The Dalawa was now disillusioned with the British whom he had considered a friend and who considered any "aggression on Travancore as an aggression on themselves" as per the previous treaties. His discontent was first given vent to by the assassination of the ambassador of the Resident in the court. The Maharajah had communicated his discontent with the Dalawa to this ambassador, Sthanapathy Subba Iyer, and this information was known to the Maharajahs wife, Arumana Amma, a noblewomen of the Arumana Ammaveedu family. She was a lady of influence, who apparently communicated Royal secrets to the Dalawa, and she informed the Dalawa of the Maharajah's intention to dismiss him, with support from the Resident. This increased the anger of the Dalawa against the British who felt that the Resident, in addition to demanding impossible amounts of money and had now started interfering with the internal affairs of the state.. Following this, Subba Iyer, the envoy of the Resident, who had met up with the Dalawa for discussions, was found dead, ostensibly due to a snake bite.

At the same time, in the neighbouring Kingdom of Cochin, Paliyath Govindan Achan, the powerful Dalawa of Cochin, was involved in feuds with some of the other ministers. He had the commander-in-chief and a previous minister seized and drowned in the river at Chanamangalom and attempted to kidnap his rival and sworn enemy, the finance minister Nadavarampathu Kunju Krishna Menon. The Maharajah of Cochin was forced to give Nadavarampathu Kunju Krishna Menon refuge in his own palace at Vellarapilli and then sent for Col. Macaulay and requested him to protect Kunju Krishna Menon. Col. Macaulay took Kunju Krishna Menon to Cochin under his protection. The Paliyath Achan then decided to kill both Kunju Krishna Menon and as well his protector Col. Macaulay.

Insurrection

Velu Thampi Dalawa and the Paliath Achan, Govindan Menon, met and decided on the extirpation of the British Resident and end of British supremacy in their respective states. Dalawa Velu Thampi organised recruits, strengthened forts and stored up ammunition while similar preparations was made by the Paliath Achan in Cochin. Velu Thampi appealed to the Zamorin of Calicut and to the French for assistance, but both did not acknowledge the request. The plan of the Paliath Achan and Velu Thampi was to unitedly attack the Fort of Cochin and murder the British Resident Col. Macaulay and Kunju Krishna Menon. Under the leadership of Vaikom Padmanabha Pillai, troops from the garrisons at Alleppey, Alangad and Paravoor were transferred stealthily through the backwaters in covered boats to Kalvathy where they met up with four thousand of Paliyath Achan's followers.

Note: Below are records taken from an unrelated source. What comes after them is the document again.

(* Let $\gamma:\mathbb{R}\to\mathbb{R}^3$ be a $C^\infty$ $l$-periodic curve parametrized by arc length, $\xi$ a $C^\infty$ $l$-odd-periodic unit vector field along $\gamma$ with $\gamma'(s),\xi(s)$ linearly independent for all $s$ and $\det(\gamma',\xi,\xi')\equiv 0$, and let $F(s,u)=\gamma(s)+u\xi(s)$, $(s,u)\in\mathbb{R}^2$, regarded on $M=\mathbb{R}^2/\!\sim$. Let $\nu(s)=\gamma'(s)\times\xi(s)/|\gamma'(s)\times\xi(s)|$. Then: (i) every singular point of $F$ is non-degenerate, i.e. $d\lambda\neq 0$ there, where $\lambda=\det(F_s,F_u,\nu)$; (ii) the singular set of $F$ is $$S(F)=\left\{(s,u)\in M : u=-\frac{|\gamma'(s)\times\xi(s)|^2}{\gamma'(s)\cdot\xi'(s)},\ \xi'(s)\neq 0\right\};$$ (iii) along the singular set, a null vector field of $F$ (a nonzero vector field $\eta$ with $dF(\eta)=0$) is given by $\dfrac{\partial}{\partial s}-(\gamma'\cdot\xi)\dfrac{\partial}{\partial u}$.
   Context: $l$-periodic means $\gamma(s+l)=\gamma(s)$; $l$-odd-periodic means $\xi(s+l)=-\xi(s)$; $\sim$ identifies $(s,u)$ with $(s+l,-u)$. A singular point is a point where the Jacobian of $F$ has rank $<2$. The condition $\det(\gamma',\xi,\xi')\equiv 0$ means $F$ is developable (flat). *)

theory Defs
  imports "HOL-Analysis.Analysis"
begin

definition C_inf :: "(real \<Rightarrow> real^3) \<Rightarrow> bool" where
  "C_inf f \<longleftrightarrow> (\<exists>D :: nat \<Rightarrow> real \<Rightarrow> real^3. D 0 = f \<and>
      (\<forall>n t. (D n has_vector_derivative D (Suc n) t) (at t)))"

definition det3 :: "real^3 \<Rightarrow> real^3 \<Rightarrow> real^3 \<Rightarrow> real" where
  "det3 a b c = det (vector [a, b, c] :: real^3^3)"

definition ruled :: "(real \<Rightarrow> real^3) \<Rightarrow> (real \<Rightarrow> real^3) \<Rightarrow> real \<times> real \<Rightarrow> real^3" where
  "ruled \<gamma> \<xi> = (\<lambda>(s, u). \<gamma> s + u *\<^sub>R \<xi> s)"

definition partial_s :: "(real \<times> real \<Rightarrow> real^3) \<Rightarrow> real \<times> real \<Rightarrow> real^3" where
  "partial_s F p = vector_derivative (\<lambda>t. F (t, snd p)) (at (fst p))"

definition partial_u :: "(real \<times> real \<Rightarrow> real^3) \<Rightarrow> real \<times> real \<Rightarrow> real^3" where
  "partial_u F p = vector_derivative (\<lambda>t. F (fst p, t)) (at (snd p))"

definition singular_point :: "(real \<times> real \<Rightarrow> real^3) \<Rightarrow> real \<times> real \<Rightarrow> bool" where
  "singular_point F p \<longleftrightarrow> (\<exists>F'. (F has_derivative F') (at p) \<and> dim (range F') < 2)"

end

theory Submission
  imports Defs
begin

(* Flatness together with |\<xi>| = 1 forces \<xi>' = a (\<gamma>' - (\<gamma>' \<bullet> \<xi>) \<xi>) for the scalar
   a = (\<gamma>' \<bullet> \<xi>') / |\<gamma>' \<times> \<xi>|^2.  Hence dF(s,u) maps (1,0) to (1 + u a) \<gamma>' modulo \<xi>,
   so (s,u) is singular exactly when 1 + u a = 0, and then (1, - \<gamma>' \<bullet> \<xi>) is a null vector.
   As F_s is affine in u, \<lambda>_u = \<xi>' \<bullet> (\<xi> \<times> \<nu>) = a |\<gamma>' \<times> \<xi>|, which is nonzero on the
   singular set.  Everything is local in s: periodicity only matters for the quotient M. *)

lemma dim_range_pair_lt_2_iff:
  fixes v w :: "'a::euclidean_space"
  assumes "w \<noteq> 0"
  shows "dim (range (\<lambda>h::real \<times> real. fst h *\<^sub>R v + snd h *\<^sub>R w)) < 2 \<longleftrightarrow> (\<exists>t. v = t *\<^sub>R w)"
proof -
  have "range (\<lambda>h::real \<times> real. fst h *\<^sub>R v + snd h *\<^sub>R w) = span {v, w}"
    by (auto simp: span_insert span_singleton image_iff algebra_simps) (metis add_diff_cancel)+
  then show ?thesis
    using assms by (auto simp: dim_insert span_singleton)
qed

lemma unit_field_orthogonal_derivative:
  fixes \<xi> :: "real \<Rightarrow> 'a::real_inner"
  assumes "\<And>t. norm (\<xi> t) = 1" and "(\<xi> has_vector_derivative \<xi>') (at s)"
  shows "\<xi> s \<bullet> \<xi>' = 0"
proof -
  have "((\<lambda>t. \<xi> t \<bullet> \<xi> t) has_derivative (\<lambda>h. \<xi> s \<bullet> (h *\<^sub>R \<xi>') + (h *\<^sub>R \<xi>') \<bullet> \<xi> s)) (at s)"
    using assms(2) unfolding has_vector_derivative_def by (intro has_derivative_inner)
  moreover have "(\<lambda>t. \<xi> t \<bullet> \<xi> t) = (\<lambda>_. 1)"
    using assms(1) by (simp add: dot_square_norm)
  ultimately have "(\<lambda>h. \<xi> s \<bullet> (h *\<^sub>R \<xi>') + (h *\<^sub>R \<xi>') \<bullet> \<xi> s) = (\<lambda>_. 0)"
    using has_derivative_unique has_derivative_const by metis
  then show ?thesis
    by (metis (mono_tags) inner_commute mult_2 mult_eq_0_iff scaleR_one zero_neq_numeral)
qed

lemma C_inf_differentiable:
  assumes "C_inf f" shows "f differentiable (at t)"
  using assms unfolding C_inf_def differentiable_def has_vector_derivative_def by blast

lemma C_inf_vector_derivative:
  assumes "C_inf f" shows "C_inf (\<lambda>t. vector_derivative f (at t))"
proof -
  obtain D where D0: "D 0 = f" and D: "\<And>n t. (D n has_vector_derivative D (Suc n) t) (at t)"
    using assms unfolding C_inf_def by blast
  have "(\<lambda>t. vector_derivative f (at t)) = D 1"
    using D[of 0] D0 by (auto intro: vector_derivative_at)
  then show ?thesis
    unfolding C_inf_def using D by (intro exI[of _ "\<lambda>n. D (Suc n)"]) auto
qed

lemma det3_eq_inner_cross3: "det3 a b c = a \<bullet> cross3 b c"
  by (simp add: det3_def dot_cross_det)

lemma differentiable_cross3 [derivative_intros]:
  fixes f g :: "'a::real_normed_vector \<Rightarrow> real^3"
  assumes "f differentiable (at z within S)" and "g differentiable (at z within S)"
  shows "(\<lambda>x. cross3 (f x) (g x)) differentiable (at z within S)"
proof -
  have "bounded_bilinear cross3"
    using bilinear_conv_bounded_bilinear bilinear_cross by blast
  then show ?thesis
    using assms unfolding differentiable_def by (blast dest: bounded_bilinear.FDERIV)
qed

lemma orthogonal_cross3_in_span:
  fixes g x v :: "real^3"
  assumes "cross3 g x \<noteq> 0" and "v \<bullet> cross3 g x = 0"
  obtains a b where "v = a *\<^sub>R g + b *\<^sub>R x"
proof
  let ?n = "cross3 g x"
  \<comment> \<open>expansion of v in the basis g, x, g \<times> x\<close>
  have "(?n \<bullet> ?n) *\<^sub>R v = (cross3 v x \<bullet> ?n) *\<^sub>R g + (cross3 g v \<bullet> ?n) *\<^sub>R x + (v \<bullet> ?n) *\<^sub>R ?n"
    by (simp add: vec_eq_iff forall_3 cross3_def inner_vec_def sum_3 algebra_simps)
  then have "(?n \<bullet> ?n) *\<^sub>R v = (?n \<bullet> ?n) *\<^sub>R
      (((cross3 v x \<bullet> ?n) / (?n \<bullet> ?n)) *\<^sub>R g + ((cross3 g v \<bullet> ?n) / (?n \<bullet> ?n)) *\<^sub>R x)"
    using assms by (simp add: scaleR_add_right)
  then show "v = ((cross3 v x \<bullet> ?n) / (?n \<bullet> ?n)) *\<^sub>R g + ((cross3 g v \<bullet> ?n) / (?n \<bullet> ?n)) *\<^sub>R x"
    using assms(1) by simp
qed

lemma coplanar_unit_derivative_eq:
  fixes g x x' :: "real^3"
  assumes "cross3 g x \<noteq> 0" and "norm g = 1" and "norm x = 1"
    and "x \<bullet> x' = 0" and "det3 g x x' = 0"
  shows "x' = ((g \<bullet> x') / (norm (cross3 g x))\<^sup>2) *\<^sub>R (g - (g \<bullet> x) *\<^sub>R x)"
proof -
  have "x' \<bullet> cross3 g x = 0"
    using assms(5) by (simp add: det3_eq_inner_cross3 cross3_simps)
  then obtain a b where x': "x' = a *\<^sub>R g + b *\<^sub>R x"
    using orthogonal_cross3_in_span assms(1) by blast
  have gg: "g \<bullet> g = 1" and xx: "x \<bullet> x = 1"
    using assms(2,3) by (simp_all add: dot_square_norm)
  have "b = - a * (g \<bullet> x)"
    using assms(4) xx by (simp add: x' inner_add_right inner_commute)
  then have x'_eq: "x' = a *\<^sub>R (g - (g \<bullet> x) *\<^sub>R x)"
    by (simp add: x' algebra_simps)
  have "(norm (cross3 g x))\<^sup>2 = 1 - (g \<bullet> x)\<^sup>2"
    using norm_cross_dot[of g x] assms(2,3) by simp
  then have "g \<bullet> x' = a * (norm (cross3 g x))\<^sup>2"
    using gg by (simp add: x'_eq inner_diff_right inner_commute power2_eq_square)
  then have "(g \<bullet> x') / (norm (cross3 g x))\<^sup>2 = a"
    using assms(1) by simp
  then show ?thesis
    using x'_eq by simp
qed

lemma has_derivative_ruled:
  assumes "(\<gamma> has_vector_derivative g) (at s)" and "(\<xi> has_vector_derivative x') (at s)"
  shows "(ruled \<gamma> \<xi> has_derivative (\<lambda>h. fst h *\<^sub>R (g + u *\<^sub>R x') + snd h *\<^sub>R \<xi> s)) (at (s, u))"
proof -
  have fst: "((\<lambda>q. f (fst q)) has_derivative (\<lambda>h. fst h *\<^sub>R f')) (at (s, u))"
    if "(f has_vector_derivative f') (at s)" for f :: "real \<Rightarrow> real^3" and f'
    using has_derivative_compose[OF has_derivative_fst[OF has_derivative_ident]] that
    by (fastforce simp: has_vector_derivative_def)
  have "ruled \<gamma> \<xi> = (\<lambda>q. \<gamma> (fst q) + snd q *\<^sub>R \<xi> (fst q))"
    by (auto simp: ruled_def)
  moreover have "((\<lambda>q. \<gamma> (fst q) + snd q *\<^sub>R \<xi> (fst q)) has_derivative
      (\<lambda>h. fst h *\<^sub>R g + (u *\<^sub>R (fst h *\<^sub>R x') + snd h *\<^sub>R \<xi> s))) (at (s, u))"
    using has_derivative_scaleR[OF has_derivative_snd[OF has_derivative_ident] fst[OF assms(2)]]
    by (auto intro!: has_derivative_add fst assms(1))
  ultimately show ?thesis
    by (auto elim!: has_derivative_eq_rhs simp: algebra_simps)
qed

lemma partial_s_ruled:
  assumes "(\<gamma> has_vector_derivative g) (at s)" and "(\<xi> has_vector_derivative x') (at s)"
  shows "partial_s (ruled \<gamma> \<xi>) (s, u) = g + u *\<^sub>R x'"
  unfolding partial_s_def ruled_def
  by (auto intro!: vector_derivative_at derivative_eq_intros assms)

lemma partial_u_ruled: "partial_u (ruled \<gamma> \<xi>) (s, u) = \<xi> s"
  unfolding partial_u_def ruled_def
  by (auto intro!: vector_derivative_at derivative_eq_intros)

lemma has_derivative_nonzero_if_partial_nonzero:
  fixes f :: "real \<times> real \<Rightarrow> real"
  assumes "(f has_derivative L) (at (s, u))"
    and "((\<lambda>t. f (s, t)) has_real_derivative k) (at u)" and "k \<noteq> 0"
  shows "L \<noteq> (\<lambda>_. 0)"
proof
  assume "L = (\<lambda>_. 0)"
  have "((\<lambda>t. (s, t)) has_derivative (\<lambda>h. (0, h))) (at u)"
    by (auto intro!: derivative_eq_intros)
  then have "((\<lambda>t. f (s, t)) has_derivative (\<lambda>h. L (0, h))) (at u)"
    using has_derivative_compose assms(1) by fastforce
  with \<open>L = (\<lambda>_. 0)\<close> assms(2) have "(\<lambda>h::real. 0) = (\<lambda>h. h * k)"
    by (metis has_derivative_unique has_field_derivative_def mult.commute)
  then show False
    using assms(3) by (metis mult_1)
qed

locale developable_ruled =
  fixes \<gamma> \<xi> \<gamma>' \<xi>' :: "real \<Rightarrow> real^3"
  assumes \<gamma>_derivative: "\<And>t. (\<gamma> has_vector_derivative \<gamma>' t) (at t)"
    and \<xi>_derivative: "\<And>t. (\<xi> has_vector_derivative \<xi>' t) (at t)"
    and \<gamma>'_differentiable: "\<And>t. \<gamma>' differentiable (at t)"
    and \<xi>'_differentiable: "\<And>t. \<xi>' differentiable (at t)"
    and unit_speed: "\<And>t. norm (\<gamma>' t) = 1"
    and unit_field: "\<And>t. norm (\<xi> t) = 1"
    and independent: "\<And>t a b. a *\<^sub>R \<gamma>' t + b *\<^sub>R \<xi> t = 0 \<Longrightarrow> a = 0 \<and> b = 0"
    and flat: "\<And>t. det3 (\<gamma>' t) (\<xi> t) (\<xi>' t) = 0"
begin

definition normal :: "real \<Rightarrow> real^3" where
  "normal t = (1 / norm (cross3 (\<gamma>' t) (\<xi> t))) *\<^sub>R cross3 (\<gamma>' t) (\<xi> t)"

definition rate :: "real \<Rightarrow> real" where
  "rate t = (\<gamma>' t \<bullet> \<xi>' t) / (norm (cross3 (\<gamma>' t) (\<xi> t)))\<^sup>2"

definition area_density :: "real \<times> real \<Rightarrow> real" where
  "area_density q = det3 (partial_s (ruled \<gamma> \<xi>) q) (partial_u (ruled \<gamma> \<xi>) q) (normal (fst q))"

lemma cross3_nonzero: "cross3 (\<gamma>' t) (\<xi> t) \<noteq> 0"
proof
  assume "cross3 (\<gamma>' t) (\<xi> t) = 0"
  moreover have "cross3 (\<gamma>' t) (cross3 (\<gamma>' t) (\<xi> t))
      = (\<gamma>' t \<bullet> \<xi> t) *\<^sub>R \<gamma>' t + (- (\<gamma>' t \<bullet> \<gamma>' t)) *\<^sub>R \<xi> t"
    by (simp add: vec_eq_iff forall_3 cross3_def inner_vec_def sum_3 algebra_simps)
  ultimately have "(\<gamma>' t \<bullet> \<xi> t) *\<^sub>R \<gamma>' t + (- 1) *\<^sub>R \<xi> t = 0"
    using unit_speed[of t] by (simp add: dot_square_norm)
  then show False
    using independent by fastforce
qed

lemma \<xi>'_eq: "\<xi>' t = rate t *\<^sub>R (\<gamma>' t - (\<gamma>' t \<bullet> \<xi> t) *\<^sub>R \<xi> t)"
  unfolding rate_def
  by (intro coplanar_unit_derivative_eq cross3_nonzero unit_speed unit_field flat
      unit_field_orthogonal_derivative[OF unit_field \<xi>_derivative])

lemma has_derivative_ruled_at:
  "(ruled \<gamma> \<xi> has_derivative (\<lambda>h. fst h *\<^sub>R (\<gamma>' s + u *\<^sub>R \<xi>' s) + snd h *\<^sub>R \<xi> s)) (at (s, u))"
  by (rule has_derivative_ruled[OF \<gamma>_derivative \<xi>_derivative])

On the night of 28 December 1808, the force attacked the palace, overwhelmed the Indian guards and domestics, but due to the warning of a native domestic, the resident and Kunju Krishna Menon managed to flee to a frigate, HMS Piedmontese, which was anchored in Cochin harbour. Simultaneously, the rebels attacked the British garrison at Quilon on 30 December 1808 but were repulsed. Unhappy with the failure to capture or kill the Resident as well as the failure in Quilon, Velu Thampi moved south from Cochin and on 11 January 1809 (1st Makaram 984 M.E.), Velu Thampi issued his famous Kundara Proclamation in which he exhorted the nation to throw out the British. He organised another force to attack the British garrison at Quilon and the Battle of Quilon took place on 15 January 1809 in which Velu Thampi's force lost 15 guns and suffered casualties.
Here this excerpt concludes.